A man and woman were shouting at each other under my bedroom window. It was early evening. The volume was so startling and the tone so charged that I jumped up from my couch to see if I needed to call the police. Was she in trouble?
I stayed out of sight, but listened and watched as this very large man and this woman of average build went at it, screaming nose to nose. It was vulgar. As it went on I realized she was more emotionally out of control. He seemed almost amused. At one point, while she was mid-rant, he leaned in and kissed her. I mean full out, French kissed her.
Passersby didn't know what to make of it. They were like me, it seemed, wondering if there was a situation here that warranted action. She kissed him back, then pulled away and resumed yelling. Soon it became clear to me that this was their dance.
As I went back to chilling on my couch, I thought about the song Blurred Lines and the fuss it caused a few years ago. Not the legal dustup that just happened with Marvin Gaye's family, but the one where some women felt this tune was a green light to rape. Their line of thinking is that there are no blurred lines. There's only yes and no.
But right outside my window I saw that isn't true. Of course there are blurred lines. Further, I believe it's essential that that be in the mix as this next wave of feminism sweeps in.
Recently at the Women in the World summit in New York, Hillary Clinton said this:
There has never been a better time in history to be born female.
As if she was reading my mind, she followed with:
Think about that.
I already was. That simple statement resonated deeply with me.
True confession. Lately I've been getting discouraged about our progress as a nation on the feminist front. There's still so much backlash around that particular 'f' word. Stereotypes abound. I have been almost weary, feeling like I was at the forefront of the battle for years and now I'm tired. I know this won't get me into the activists' hall of fame, but I often find myself thinking I just want to relax and reap some rewards and leave it to the next generation to fix.
But I know I can't close my toolbox. I have too much wisdom now. I am better than ever at using the written word to express, illuminate, rant, wonder.
Right now, in this cultural moment, it feels like it's sexuality that is pushing through gender boundaries faster than most other issues. That's why a song like Blurred Lines, even that very concept, triggers so many different responses among forward-thinking women. The ability to paint feminists with a broad brush is slowly going away. And for those who didn't get that memo, well, they're beginning to sound shrill. Our sexuality is ours.

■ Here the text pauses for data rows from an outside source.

(* In the setting and under the assumptions (P1), (A0)–(A3) of the mediational g-formula, with $A$ real-valued taking values $a,a^*$, suppose additionally: (H1) there are a locally integrable function $s\mapsto\rho_s$ and a function $\lambda_1$ such that for all $i\ge0$, all $t_i\le t\le t_{i+1}$, all $\overline m_i,\overline c_i$ and $j\in\{a,a^*\}$, $$P(T>t\mid T>t_i,\overline M_i=\overline m_i,\overline C_i=\overline c_i,A=j)=\exp\Big\{-\int_{t_i}^t\big(\rho_s j+\lambda_1(s\mid\overline m_i,\overline c_i)\big)\,ds\Big\};$$ (H2) the covariate factors do not depend on treatment: $P(C_i=c_i\mid T>t_i,\overline M_i=\overline m_i,\overline C_{i-1}=\overline c_{i-1},A=a)=P(C_i=c_i\mid T>t_i,\overline M_i=\overline m_i,\overline C_{i-1}=\overline c_{i-1},A=a^* )$ for all $i$ and all values. Then for all $t>0$, $$P_{a,a^*}(T>t)=\exp\Big\{-(a-a^* )\int_0^t\rho_s\,ds\Big\}\,P(T>t\mid A=a^* ).$$ Consequently, with $Q(t;j,j')=P_{j,j'}(T>t)$, the survival direct effect $SDE(t)=Q(t;a,a^* )/Q(t;a^*,a^* )$ equals $\exp\{(a^*-a)\int_0^t\rho_s ds\}$ and the survival indirect effect $SIE(t)=Q(t;a,a)/Q(t;a,a^* )$ equals $\exp\{(a-a^* )\int_0^t\rho_s ds\}\,P(T>t\mid A=a)/P(T>t\mid A=a^* )$.
   Context: Setting: $0=t_0<t_1<\cdots$; random variables $A\in\{a,a^*\}$, finite-valued mediators $M_i$ and covariates $C_i$, survival time $T$ with $P(T>0)=1$; $\overline M_i=(M_0,\dots,M_i)$, $\overline C_i=(C_0,\dots,C_i)$. $P_{j,j'}$ is the interventional distribution under $do(A^D=j,A^M=j')$, $P_{do(A=j)}$ that under $do(A=j)$, $P$ the observational distribution. Assumptions: (P1) $P_{j,j}=P_{do(A=j)}$; (A0) $P_{do(A=j)}(E)=P(E\mid A=j)$ for events $E$ in $T,M_i,C_i$; (A1) $P_{a,a^*}(M_i=m_i\mid T>t_i,\overline M_{i-1},\overline C_{i-1})=P_{a^*,a^*}(M_i=m_i\mid T>t_i,\overline M_{i-1},\overline C_{i-1})$; (A2) for $t_i<s\le t_{i+1}$, $P_{a,a^*}(T>s\mid T>t_i,\overline M_i,\overline C_i)=P_{a,a}(T>s\mid T>t_i,\overline M_i,\overline C_i)$; (A3) $P_{a,a^*}(C_i=c_i\mid T>t_i,\overline M_i,\overline C_{i-1})=P_{a,a}(C_i=c_i\mid T>t_i,\overline M_i,\overline C_{i-1})$ (all for all values of the conditioning variables, index $-1$ meaning empty conditioning). All conditional probabilities are assumed well defined. *)

theory Defs
  imports "HOL-Probability.Probability"
begin

definition cprob :: "'w measure \<Rightarrow> 'w set \<Rightarrow> 'w set \<Rightarrow> real" where
  "cprob Q E F = measure Q (E \<inter> F) / measure Q F"

text \<open>History of the first n values: hist X n w = (X 0 w, ..., X (n-1) w).
  Thus \<open>\<overline>M_i\<close> is hist M (Suc i) and \<open>\<overline>M_{i-1}\<close> is hist M i (empty for i = 0).\<close>
definition hist :: "(nat \<Rightarrow> 'w \<Rightarrow> 'v) \<Rightarrow> nat \<Rightarrow> 'w \<Rightarrow> 'v list" where
  "hist X n w = map (\<lambda>k. X k w) [0..<n]"

definition hist_in :: "(nat \<Rightarrow> 'v set) \<Rightarrow> nat \<Rightarrow> 'v list \<Rightarrow> bool" where
  "hist_in V n xs \<longleftrightarrow> length xs = n \<and> (\<forall>k<n. xs ! k \<in> V k)"

definition histev :: "'w set \<Rightarrow> ('w \<Rightarrow> real) \<Rightarrow> (nat \<Rightarrow> 'w \<Rightarrow> 'm) \<Rightarrow> (nat \<Rightarrow> 'w \<Rightarrow> 'c)
    \<Rightarrow> real \<Rightarrow> nat \<Rightarrow> nat \<Rightarrow> 'm list \<Rightarrow> 'c list \<Rightarrow> 'w set" where
  "histev \<Omega> T M C t nm nc mb cb =
     {w \<in> \<Omega>. T w > t \<and> hist M nm w = mb \<and> hist C nc w = cb}"

text \<open>Events "in T, M_i, C_i": the sigma algebra generated by these variables.\<close>
definition obs_events :: "'w set \<Rightarrow> ('w \<Rightarrow> real) \<Rightarrow> (nat \<Rightarrow> 'w \<Rightarrow> 'm) \<Rightarrow> (nat \<Rightarrow> 'w \<Rightarrow> 'c)
    \<Rightarrow> 'w set set" where
  "obs_events \<Omega> T M C = sigma_sets \<Omega>
     ({T -` B \<inter> \<Omega> | B. B \<in> sets borel} \<union> {M i -` {m} \<inter> \<Omega> | i m. True}
      \<union> {C i -` {c} \<inter> \<Omega> | i c. True})"

end

theory Submission
  imports Defs
begin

Take this, for example. The acclaimed Broad City series on Comedy Central opens with a scene where Ilana -- via Skype or FaceTime -- talks to her BFF Abbi. It is only a few minutes into it that we, the audience, realize she is doing so while straddled on top of her 'friends with benefits' guy in the middle of having sex. Yes, I am talking penetration happening while she is chatting on a device.
I was amused, but probably more shocked.